### [THE TASK]
Reproduce every record below exactly as it appears.
━━ LISTED RECORDS ━━
lemma total_degree_pd_less:
  assumes "pd k P \<noteq> 0"
  shows "total_degree (pd k P) < total_degree P"
proof -
  have less: "monom_degree b < total_degree P" if "b \<in> Poly_Mapping.keys (pd k P)" for b
  proof -
    have "b + var_exp k \<in> Poly_Mapping.keys P"
      using that by (auto simp: in_keys_iff lookup_pd)
    then have "monom_degree (b + var_exp k) \<le> total_degree P"
      unfolding total_degree_def by (intro Max_ge) auto
    then show ?thesis unfolding monom_degree_add_var_exp by simp
  qed
  obtain b where "b \<in> Poly_Mapping.keys (pd k P)" using assms by (metis all_not_in_conv keys_eq_empty)
  then have "0 < total_degree P" using less by fastforce
  then show ?thesis unfolding total_degree_def[of "pd k P"]
    by (subst Max_less_iff) (use less in auto)
qed

lemma eq_Const_if_pd_eq_0:
  assumes "in_A m P" "\<forall>k<m. pd k P = 0"
  shows "P = Const (Poly_Mapping.lookup P 0)"
proof -
  have "a = 0" if a: "a \<in> Poly_Mapping.keys P" for a
  proof (rule ccontr)
    assume "a \<noteq> 0"
    then obtain k where k: "k \<in> Poly_Mapping.keys a" by (metis all_not_in_conv keys_eq_empty)
    then have "k < m" using assms(1) a unfolding in_A_def by auto
    have "a - var_exp k + var_exp k = a"
      using k by (intro poly_mapping_eqI) (auto simp: lookup_add lookup_minus lookup_single when_def in_keys_iff)
    then have "Poly_Mapping.lookup (pd k P) (a - var_exp k) \<noteq> 0"
      using a by (simp add: lookup_pd in_keys_iff del: of_nat_Suc)
    then show False using assms(2) \<open>k < m\<close> by simp
  qed
  then show ?thesis
    by (intro poly_mapping_eqI) (auto simp: Const_def lookup_single when_def in_keys_iff)
qed

lemma alg_dependent_obtains_gradient_relation:
  assumes "alg_dependent Const m g"
  obtains k0 c where "k0 < m" "c k0 \<noteq> 0" "\<And>j. (\<Sum>k<m. c k * pd j (g k)) = 0"
proof -
  let ?ev = "eval_gen Const g"
  let ?rel = "\<lambda>Q. Q \<noteq> 0 \<and> in_A m Q \<and> ?ev Q = 0"
  obtain Q where Q: "?rel Q" and min: "\<And>Q'. ?rel Q' \<Longrightarrow> total_degree Q \<le> total_degree Q'"
    using assms ex_has_least_nat[of ?rel _ total_degree] unfolding alg_dependent_def by metis
  have "\<exists>k<m. pd k Q \<noteq> 0"
  proof (rule ccontr)
    assume "\<not> ?thesis"
    then have "Q = Const (Poly_Mapping.lookup Q 0)" using eq_Const_if_pd_eq_0 Q by blast
    moreover have "?ev (Const (Poly_Mapping.lookup Q 0)) = Const (Poly_Mapping.lookup Q 0)"
      by (rule eval_gen_Const[OF Const_hom])
    ultimately show False using Q Const_inject[of _ 0] by (metis Const.hom_zero)
  qed
  then obtain k0 where k0: "k0 < m" "pd k0 Q \<noteq> 0" by blast
  have "?ev (pd k0 Q) \<noteq> 0"
    \<comment> \<open>otherwise \<partial>Q/\<partial>y_k0 would be a relation of smaller degree\<close>
    using min[of "pd k0 Q"] total_degree_pd_less[OF k0(2)] k0 Q in_A_pd by fastforce
  moreover have "(\<Sum>k<m. ?ev (pd k Q) * pd j (g k)) = 0" for j
    using pd_eval_gen_Const[of m Q j g] Q by simp
  ultimately show thesis using that[of k0 "\<lambda>k. ?ev (pd k Q)"] k0(1) by blast
qed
━━━
### [FINISHED TASK]
lemma total_degree_pd_less:
  assumes "pd k P \<noteq> 0"
  shows "total_degree (pd k P) < total_degree P"
proof -
  have less: "monom_degree b < total_degree P" if "b \<in> Poly_Mapping.keys (pd k P)" for b
  proof -
    have "b + var_exp k \<in> Poly_Mapping.keys P"
      using that by (auto simp: in_keys_iff lookup_pd)
    then have "monom_degree (b + var_exp k) \<le> total_degree P"
      unfolding total_degree_def by (intro Max_ge) auto
    then show ?thesis unfolding monom_degree_add_var_exp by simp
  qed
  obtain b where "b \<in> Poly_Mapping.keys (pd k P)" using assms by (metis all_not_in_conv keys_eq_empty)
  then have "0 < total_degree P" using less by fastforce
  then show ?thesis unfolding total_degree_def[of "pd k P"]
    by (subst Max_less_iff) (use less in auto)
qed

lemma eq_Const_if_pd_eq_0:
  assumes "in_A m P" "\<forall>k<m. pd k P = 0"
  shows "P = Const (Poly_Mapping.lookup P 0)"
proof -
  have "a = 0" if a: "a \<in> Poly_Mapping.keys P" for a
  proof (rule ccontr)
    assume "a \<noteq> 0"
    then obtain k where k: "k \<in> Poly_Mapping.keys a" by (metis all_not_in_conv keys_eq_empty)
    then have "k < m" using assms(1) a unfolding in_A_def by auto
    have "a - var_exp k + var_exp k = a"
      using k by (intro poly_mapping_eqI) (auto simp: lookup_add lookup_minus lookup_single when_def in_keys_iff)
    then have "Poly_Mapping.lookup (pd k P) (a - var_exp k) \<noteq> 0"
      using a by (simp add: lookup_pd in_keys_iff del: of_nat_Suc)
    then show False using assms(2) \<open>k < m\<close> by simp
  qed
  then show ?thesis
    by (intro poly_mapping_eqI) (auto simp: Const_def lookup_single when_def in_keys_iff)
qed

lemma alg_dependent_obtains_gradient_relation:
  assumes "alg_dependent Const m g"
  obtains k0 c where "k0 < m" "c k0 \<noteq> 0" "\<And>j. (\<Sum>k<m. c k * pd j (g k)) = 0"
proof -
  let ?ev = "eval_gen Const g"
  let ?rel = "\<lambda>Q. Q \<noteq> 0 \<and> in_A m Q \<and> ?ev Q = 0"
  obtain Q where Q: "?rel Q" and min: "\<And>Q'. ?rel Q' \<Longrightarrow> total_degree Q \<le> total_degree Q'"
    using assms ex_has_least_nat[of ?rel _ total_degree] unfolding alg_dependent_def by metis
  have "\<exists>k<m. pd k Q \<noteq> 0"
  proof (rule ccontr)
    assume "\<not> ?thesis"
    then have "Q = Const (Poly_Mapping.lookup Q 0)" using eq_Const_if_pd_eq_0 Q by blast
    moreover have "?ev (Const (Poly_Mapping.lookup Q 0)) = Const (Poly_Mapping.lookup Q 0)"
      by (rule eval_gen_Const[OF Const_hom])
    ultimately show False using Q Const_inject[of _ 0] by (metis Const.hom_zero)
  qed
  then obtain k0 where k0: "k0 < m" "pd k0 Q \<noteq> 0" by blast
  have "?ev (pd k0 Q) \<noteq> 0"
    \<comment> \<open>otherwise \<partial>Q/\<partial>y_k0 would be a relation of smaller degree\<close>
    using min[of "pd k0 Q"] total_degree_pd_less[OF k0(2)] k0 Q in_A_pd by fastforce
  moreover have "(\<Sum>k<m. ?ev (pd k Q) * pd j (g k)) = 0" for j
    using pd_eval_gen_Const[of m Q j g] Q by simp
  ultimately show thesis using that[of k0 "\<lambda>k. ?ev (pd k Q)"] k0(1) by blast
qed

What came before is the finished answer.